Confiram-se, ainda, as lições de Francisco Eduardo Loureiro, calcadas na jurisprudência que cita:

"Jurisprudência: ação reivindicatória. Posse injusta. - A posse injusta, na reivindicatória, não é a violenta, clandestina ou precária aludida no art. 489 do Código Civil, mas aquela que se contrapõe ao direito de propriedade, a não ser que se trate de posse ad usucapionem (TJPR, Proc. n. 013.128.800, 3ª Câm. Cível, Rel. Nunes do Nascimento, j. em 02.10.1990).

A ação reivindicatória é o instrumento processual adequado para o proprietário reaver os seus bens do poder de quem, injustamente, os possua (art. 523 do CPC), ou, na feliz expressão do Ministro Márcio Guimarães, "ação reivindicatória é a que compete ao proprietário que não tem a posse contra o possuidor que não tem o domínio, para que se reúna numa só pessoa posse e domínio" (Estudos de direito civil, p. 128). A posse injusta, a que se refere o art. 524, do Código Civil, é a que se insurge contra o direito de propriedade, estabelecendo uma luta entre ela, ainda que ad interdicta, e o domínio (TJPR, Proc. nº 145.081.900, 5ª Câm. Cível, Rel. Clayton Camargo, j. em 11.11.2003) (RTJ 99/804)" (destaquei) (ob. cit., p. 1.164).

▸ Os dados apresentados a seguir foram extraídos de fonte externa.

(* Let $(\mu_n)_{n\ge0}$ be complex numbers with $\mu_0=1$, let $M(z)=\sum_{n\ge0}\mu_nz^n$, let $(h_n)_{n\ge1}$ be its boolean cumulants and $(c_n)_{n\ge1}$ its free cumulants. Then for every $n\ge 2$, $$c_n=\sum_{r=1}^{n-1}\ \sum_{\substack{i_1+\dots+i_r=n\\ i_j\ge1}}\frac{(-1)^{r-1}}{n-1}\binom{n-1}{r}\,h_{i_1}h_{i_2}\cdots h_{i_r},$$ where the inner sum is over ordered tuples $(i_1,\dots,i_r)$ of positive integers summing to $n$. *)

theory Defs
  imports Complex_Main "HOL-Computational_Algebra.Formal_Power_Series"
begin

definition moment_fps :: "(nat \<Rightarrow> complex) \<Rightarrow> complex fps" where
  "moment_fps mu = Abs_fps mu"

text \<open>Boolean cumulants: H(z) = sum_{n>=1} h_n z^n with M(z) = 1/(1 - H(z)),
  i.e. H = 1 - 1/M.\<close>
definition boolean_cumulant :: "(nat \<Rightarrow> complex) \<Rightarrow> nat \<Rightarrow> complex" where
  "boolean_cumulant mu n = fps_nth (1 - inverse (moment_fps mu)) n"

definition free_cumulant_fps :: "(nat \<Rightarrow> complex) \<Rightarrow> complex fps" where
  "free_cumulant_fps mu =
     (THE C. fps_compose C (fps_X * moment_fps mu) = moment_fps mu)"

definition free_cumulant :: "(nat \<Rightarrow> complex) \<Rightarrow> nat \<Rightarrow> complex" where
  "free_cumulant mu n = fps_nth (free_cumulant_fps mu) n"

end

theory Submission
  imports Defs
begin

text \<open>
  Put G = z M(z) and \<psi> = 1/M. The defining relation M = C(G) together with G \<psi> = z is the
  setting of Lagrange inversion, which in residue form reads [z^(n-1)] (C \<circ> G)' \<psi>^n = n c_n.
  Since M' \<psi>^2 = -\<psi>', the left-hand side is -[z^(n-1)] \<psi>' \<psi>^(n-2) = -n/(n-1) [z^n] \<psi>^(n-1),
  so (n - 1) c_n = -[z^n] \<psi>^(n-1). Finally \<psi> = 1 - H for the boolean cumulant series H;
  expanding (1 - H)^(n-1) binomially and each H^r over compositions of n gives the formula.
\<close>

unbundle fps_syntax

definition compositions :: "nat \<Rightarrow> nat \<Rightarrow> nat list set" where
  "compositions n r = {is. length is = r \<and> (\<forall>i\<in>set is. i \<ge> 1) \<and> sum_list is = n}"

lemma fps_power_nth_natpermute:
  fixes H :: "'a::comm_ring_1 fps"
  shows "(H ^ r) $ n = (\<Sum>v\<in>natpermute n r. prod_list (map (fps_nth H) v))"
proof (cases r)
  case 0
  have "natpermute n 0 = (if n = 0 then {[]} else {})"
    by (auto simp: natpermute_def)
  with 0 show ?thesis by simp
next
  case (Suc m)
  have "(H ^ r) $ n = (\<Sum>v\<in>natpermute n r. \<Prod>j\<in>{0..<r}. H $ (v ! j))"
    unfolding Suc fps_power_nth_Suc by (simp add: atLeastLessThanSuc_atLeastAtMost)
  also have "\<dots> = (\<Sum>v\<in>natpermute n r. prod_list (map (fps_nth H) v))"
    by (intro sum.cong refl) (simp add: prod.list_conv_set_nth natpermute_def)
  finally show ?thesis .
qed

lemma fps_power_nth_compositions:
  fixes H :: "'a::comm_ring_1 fps"
  assumes H0: "H $ 0 = 0"
  shows "(H ^ r) $ n = (\<Sum>is\<in>compositions n r. prod_list (map (fps_nth H) is))"
  unfolding fps_power_nth_natpermute
proof (rule sum.mono_neutral_right)
  show "compositions n r \<subseteq> natpermute n r"
    by (auto simp: compositions_def natpermute_def)
  show "\<forall>v\<in>natpermute n r - compositions n r. prod_list (map (fps_nth H) v) = 0"
  proof
    fix v assume "v \<in> natpermute n r - compositions n r"
    then have "0 \<in> set v" by (auto simp: compositions_def natpermute_def not_le)
    then obtain xs ys where "v = xs @ 0 # ys" by (meson split_list)
    then show "prod_list (map (fps_nth H) v) = 0" using H0 by simp
  qed
qed (rule natpermute_finite)

lemma fps_one_minus_power_nth:
  fixes H :: "'a::comm_ring_1 fps"
  assumes "n \<noteq> 0"
  shows "((1 - H) ^ p) $ n = - (\<Sum>r=1..p. (-1) ^ (r - 1) * of_nat (p choose r) * (H ^ r) $ n)"
proof -
  have "(1 - H) ^ p = (\<Sum>r\<le>p. of_nat (p choose r) * (- H) ^ r)"
    using binomial_ring[of "- H" 1 p] by simp
  then have "((1 - H) ^ p) $ n = (\<Sum>r\<le>p. (-1) ^ r * of_nat (p choose r) * (H ^ r) $ n)"
    by (auto simp: fps_sum_nth uminus_power_if intro!: sum.cong)
  also have "\<dots> = (\<Sum>r\<in>{1..p}. (-1) ^ r * of_nat (p choose r) * (H ^ r) $ n)"
    using assms by (intro sum.mono_neutral_right) (auto simp: not_le)
  also have "\<dots> = - (\<Sum>r=1..p. (-1) ^ (r - 1) * of_nat (p choose r) * (H ^ r) $ n)"
    by (auto simp: sum_negf[symmetric] power_eq_if intro!: sum.cong)
  finally show ?thesis .
qed

lemma fps_deriv_mult_power_nth:
  fixes f :: "'a::comm_ring_1 fps"
  shows "of_nat (Suc p) * (fps_deriv f * f ^ p) $ j = of_nat (Suc j) * (f ^ Suc p) $ Suc j"
proof -
  have "of_nat (Suc p) * (fps_deriv f * f ^ p) = fps_deriv (f ^ Suc p)"
    using fps_deriv_power'[of f "Suc p"] by (simp add: mult.assoc)
  then have "of_nat (Suc p) * (fps_deriv f * f ^ p) $ j = fps_deriv (f ^ Suc p) $ j"
    by (simp only: fps_mult_of_nat_nth(1)[symmetric])
  then show ?thesis
    unfolding fps_deriv_nth by simp
qed

text \<open>With \<psi> standing for z/G, this says that G'/G^(m+1) has residue 1 for m = 0 and 0 otherwise.\<close>

lemma fps_deriv_mult_power_nth_residue:
  fixes G psi :: "'a::{idom,ring_char_0} fps"
  assumes G0: "G $ 0 = 0" and Gpsi: "G * psi = fps_X"
  shows "(fps_deriv G * psi ^ Suc m) $ m = (if m = 0 then 1 else 0)"
proof -
  have deriv: "fps_deriv G * psi + G * fps_deriv psi = 1"
    using arg_cong[OF Gpsi, of fps_deriv] by (simp add: add.commute)
  show ?thesis
  proof (cases m)
    case 0
    then show ?thesis using arg_cong[OF deriv, of "\<lambda>f. f $ 0"] G0 by simp
  next
    case (Suc k)
    have "fps_deriv G * psi ^ Suc m = psi ^ m * (fps_deriv G * psi)"
      by (simp add: mult_ac)
    also have "\<dots> = psi ^ m * (1 - G * fps_deriv psi)"
      using deriv by (simp add: eq_diff_eq)
    also have "\<dots> = psi ^ m - (G * psi) * (fps_deriv psi * psi ^ k)"
      by (simp add: Suc algebra_simps)
    finally have "fps_deriv G * psi ^ Suc m = psi ^ m - (G * psi) * (fps_deriv psi * psi ^ k)" .
    then have "(fps_deriv G * psi ^ Suc m) $ m = (psi ^ m) $ m - (fps_X * (fps_deriv psi * psi ^ k)) $ m"
      by (simp only: Gpsi fps_sub_nth)
    moreover have "(fps_X * (fps_deriv psi * psi ^ k)) $ m = (psi ^ m) $ m"
    proof -
      have "of_nat (Suc k) * (fps_deriv psi * psi ^ k) $ k = of_nat (Suc k) * (psi ^ Suc k) $ Suc k"
        by (rule fps_deriv_mult_power_nth)
      moreover have "of_nat (Suc k) \<noteq> (0 :: 'a)"
        by (rule of_nat_neq_0)
      ultimately show ?thesis
        using Suc by simp
    qed
    ultimately show ?thesis
      using Suc by (simp add: right_diff_distrib)
  qed
qed

lemma fps_compose_mult_nth:
  fixes B G F :: "'a::comm_ring_1 fps"
  assumes G0: "G $ 0 = 0"
  shows "((B oo G) * F) $ n = (\<Sum>i=0..n. B $ i * (G ^ i * F) $ n)"
proof -
  have "((B oo G) * F) $ n = (\<Sum>j=0..n. \<Sum>i=0..j. B $ i * (G ^ i) $ j * F $ (n - j))"
    by (simp add: fps_mult_nth fps_compose_nth sum_distrib_right)
  also have "\<dots> = (\<Sum>j=0..n. \<Sum>i=0..n. B $ i * (G ^ i) $ j * F $ (n - j))"
    by (intro sum.cong refl sum.mono_neutral_left)
       (auto simp: startsby_zero_power_prefix[OF G0])
  also have "\<dots> = (\<Sum>i=0..n. B $ i * (G ^ i * F) $ n)"
    by (subst sum.swap) (simp add: fps_mult_nth sum_distrib_left mult.assoc)
  finally show ?thesis .
qed

lemma fps_compose_deriv_mult_power_nth:
  fixes A G psi :: "'a::{idom,ring_char_0} fps"
  assumes G0: "G $ 0 = 0" and Gpsi: "G * psi = fps_X"
  shows "(fps_deriv (A oo G) * psi ^ Suc n) $ n = of_nat (Suc n) * A $ Suc n"
proof -
  have residue: "(G ^ i * (fps_deriv G * psi ^ Suc n)) $ n = (if i = n then 1 else 0)"
    if "i \<le> n" for i
  proof -
    have "G ^ i * (fps_deriv G * psi ^ Suc n) = (G * psi) ^ i * (fps_deriv G * psi ^ Suc (n - i))"
      using that by (simp add: power_mult_distrib power_add[symmetric] mult_ac Suc_diff_le)
    also have "\<dots> = fps_X ^ i * (fps_deriv G * psi ^ Suc (n - i))"
      by (simp only: Gpsi)
    finally have "(G ^ i * (fps_deriv G * psi ^ Suc n)) $ n = (fps_deriv G * psi ^ Suc (n - i)) $ (n - i)"
      using that by (simp only: fps_X_power_mult_nth not_less[symmetric] if_False)
    also have "\<dots> = (if n - i = 0 then 1 else 0)"
      by (rule fps_deriv_mult_power_nth_residue[OF G0 Gpsi])
    finally show ?thesis
      using that by simp
  qed
  have "(fps_deriv (A oo G) * psi ^ Suc n) $ n = ((fps_deriv A oo G) * (fps_deriv G * psi ^ Suc n)) $ n"
    by (simp add: fps_compose_deriv[OF G0] mult.assoc)
  also have "\<dots> = (\<Sum>i=0..n. fps_deriv A $ i * (if i = n then 1 else 0))"
    unfolding fps_compose_mult_nth[OF G0] by (intro sum.cong refl) (simp only: residue atLeastAtMost_iff)
  also have "\<dots> = of_nat (Suc n) * A $ Suc n"
    by (simp add: mult_delta_right)
  finally show ?thesis .
qed

lemma fps_compose_eq_iff_eq_compose_fps_inv:
  fixes C G M :: "'a::field fps"
  assumes G0: "G $ 0 = 0" and G1: "G $ 1 \<noteq> 0"
  shows "C oo G = M \<longleftrightarrow> C = M oo fps_inv G"
proof -
  have inv0: "fps_inv G $ 0 = 0"
    by (simp add: fps_inv_def)
  show ?thesis
  proof
    assume "C oo G = M"
    then have "M oo fps_inv G = C oo (G oo fps_inv G)"
      by (simp add: fps_compose_assoc[OF inv0 G0])
    then show "C = M oo fps_inv G"
      by (simp add: fps_inv_right[OF G0 G1])
  next
    assume "C = M oo fps_inv G"
    then show "C oo G = M"
      by (simp add: fps_compose_assoc[OF G0 inv0, symmetric] fps_inv[OF G0 G1])
  qed
qed

lemma free_cumulant_fps_compose:
  assumes "mu 0 = 1"
  shows "free_cumulant_fps mu oo (fps_X * moment_fps mu) = moment_fps mu"
proof -
  let ?G = "fps_X * moment_fps mu"
  have G0: "?G $ 0 = 0" and G1: "?G $ 1 \<noteq> 0"
    using assms by (simp_all add: moment_fps_def)
  have "free_cumulant_fps mu = moment_fps mu oo fps_inv ?G"
    unfolding free_cumulant_fps_def fps_compose_eq_iff_eq_compose_fps_inv[OF G0 G1] by simp
  then show ?thesis
    using fps_compose_eq_iff_eq_compose_fps_inv[OF G0 G1] by simp
qed

lemma free_cumulant_eq_inverse_moment_power_nth:
  assumes mu0: "mu 0 = 1" and n: "n \<ge> 2"
  shows "of_nat (n - 1) * free_cumulant mu n = - (inverse (moment_fps mu) ^ (n - 1) $ n)"
proof -
  obtain m where n_eq: "n = Suc (Suc m)"
    using n by (metis add_2_eq_Suc le_Suc_ex)
  define M where "M = moment_fps mu"
  define psi where "psi = inverse M"
  have Mpsi: "M * psi = 1"
    using mu0 by (simp add: psi_def M_def moment_fps_def inverse_mult_eq_1')
  have deriv: "fps_deriv M * psi = - (M * fps_deriv psi)"
    using arg_cong[OF Mpsi, of fps_deriv] by (simp add: eq_neg_iff_add_eq_0 add.commute)
  have "of_nat n * free_cumulant mu n = (fps_deriv M * psi ^ n) $ Suc m"
    using fps_compose_deriv_mult_power_nth[of "fps_X * M" psi "free_cumulant_fps mu" "Suc m"]
      free_cumulant_fps_compose[of mu, OF mu0] Mpsi
    by (simp add: n_eq M_def free_cumulant_def mult.assoc)
  also have "fps_deriv M * psi ^ n = - (fps_deriv psi * psi ^ m)"
  proof -
    have "fps_deriv M * psi ^ n = (fps_deriv M * psi) * psi * psi ^ m"
      by (simp add: n_eq mult_ac)
    also have "\<dots> = - ((M * psi) * (fps_deriv psi * psi ^ m))"
      unfolding deriv by (simp add: mult_ac)
    finally show ?thesis
      by (simp add: Mpsi)
  qed
  finally have lagrange: "of_nat n * free_cumulant mu n = - ((fps_deriv psi * psi ^ m) $ Suc m)"
    by simp
  with fps_deriv_mult_power_nth[of m psi "Suc m"]
  have "of_nat n * (of_nat (n - 1) * free_cumulant mu n) = of_nat n * - (psi ^ (n - 1) $ n)"
    by (simp add: n_eq algebra_simps)
  moreover have "of_nat n \<noteq> (0 :: complex)"
    using n by simp
  ultimately show ?thesis
    unfolding psi_def M_def using mult_left_cancel by blast
qed

theorem mainTheorem2:
  fixes mu :: "nat \<Rightarrow> complex" and n :: nat
  assumes "mu 0 = 1" and "n \<ge> 2"
  shows "free_cumulant mu n =
    (\<Sum>r\<in>{1..n-1}. \<Sum>is\<in>{is :: nat list. length is = r \<and> (\<forall>i\<in>set is. i \<ge> 1) \<and> sum_list is = n}.
       ((-1) ^ (r - 1) / of_nat (n - 1) * of_nat ((n - 1) choose r)) *
       prod_list (map (boolean_cumulant mu) is))"
proof -
  define H where "H = 1 - inverse (moment_fps mu)"
  have H0: "H $ 0 = 0"
    using assms(1) by (simp add: H_def moment_fps_def)
  have boolean: "boolean_cumulant mu = fps_nth H"
    by (simp add: fun_eq_iff boolean_cumulant_def H_def)
  have "of_nat (n - 1) * free_cumulant mu n = - ((1 - H) ^ (n - 1) $ n)"
    using free_cumulant_eq_inverse_moment_power_nth[of mu, OF assms] by (simp add: H_def)
  also have "\<dots> = (\<Sum>r=1..n-1. (-1) ^ (r - 1) * of_nat ((n - 1) choose r) * (H ^ r) $ n)"
    using assms(2) by (simp add: fps_one_minus_power_nth)
  finally have "free_cumulant mu n =
      (\<Sum>r=1..n-1. (-1) ^ (r - 1) * of_nat ((n - 1) choose r) * (H ^ r) $ n) / of_nat (n - 1)"
    using assms(2) by (simp add: eq_divide_eq mult.commute)
  also have "\<dots> =
      (\<Sum>r=1..n-1. ((-1) ^ (r - 1) / of_nat (n - 1) * of_nat ((n - 1) choose r)) * (H ^ r) $ n)"
    unfolding sum_divide_distrib by (intro sum.cong refl) simp
  finally show ?thesis
    by (simp add: fps_power_nth_compositions[OF H0] compositions_def boolean sum_distrib_left)
qed

end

Bem de ver-se, ainda, que não seria crível afastar a condenação do réu ao pagamento do valor atinente à fruição do imóvel, o que atentaria contra o princípio do direito que veda o enriquecimento sem causa, uma vez que restou comprovado nos autos, repita-se, que os autores adquiriram o imóvel em 2009 e que, desde então, ficaram privados de sua posse, uso e gozo, tendo intentado, inclusive, ação de manutenção de posse contra o réu, cujo recurso de apelação foi julgado por esta Corte, que somente não reconheceu sua pretensão em razão da ausência dos requisitos para o ajuizamento daquela demanda. Vejamos:

"[...]

Pois bem. Segundo se verifica dos documentos de f. 52/56, do apenso, o réu, ora apelante principal, celebrou com Pedro Mendes de Andrade e Lúcia Costa de Andrade, em 29.05.2003, contrato particular de compra e venda, tendo por objeto o imóvel mencionado na inicial, então de propriedade destes últimos, cuja posse foi imediatamente transferida àquele, conforme cláusula `da entrega das chaves:

¡®Neste ato está ciente o comprador de que a parte inferior do imóvel encontra-se locada e que somente será desocupada em 10.08.03, pelo locatário, contudo a parte superior desde já está devidamente à disposição do comprador. Afirmando ainda os vendedores que existe um documento escrito, em que o locatário abre mão da preferência de compra do imóvel (f. 55) (grifamos).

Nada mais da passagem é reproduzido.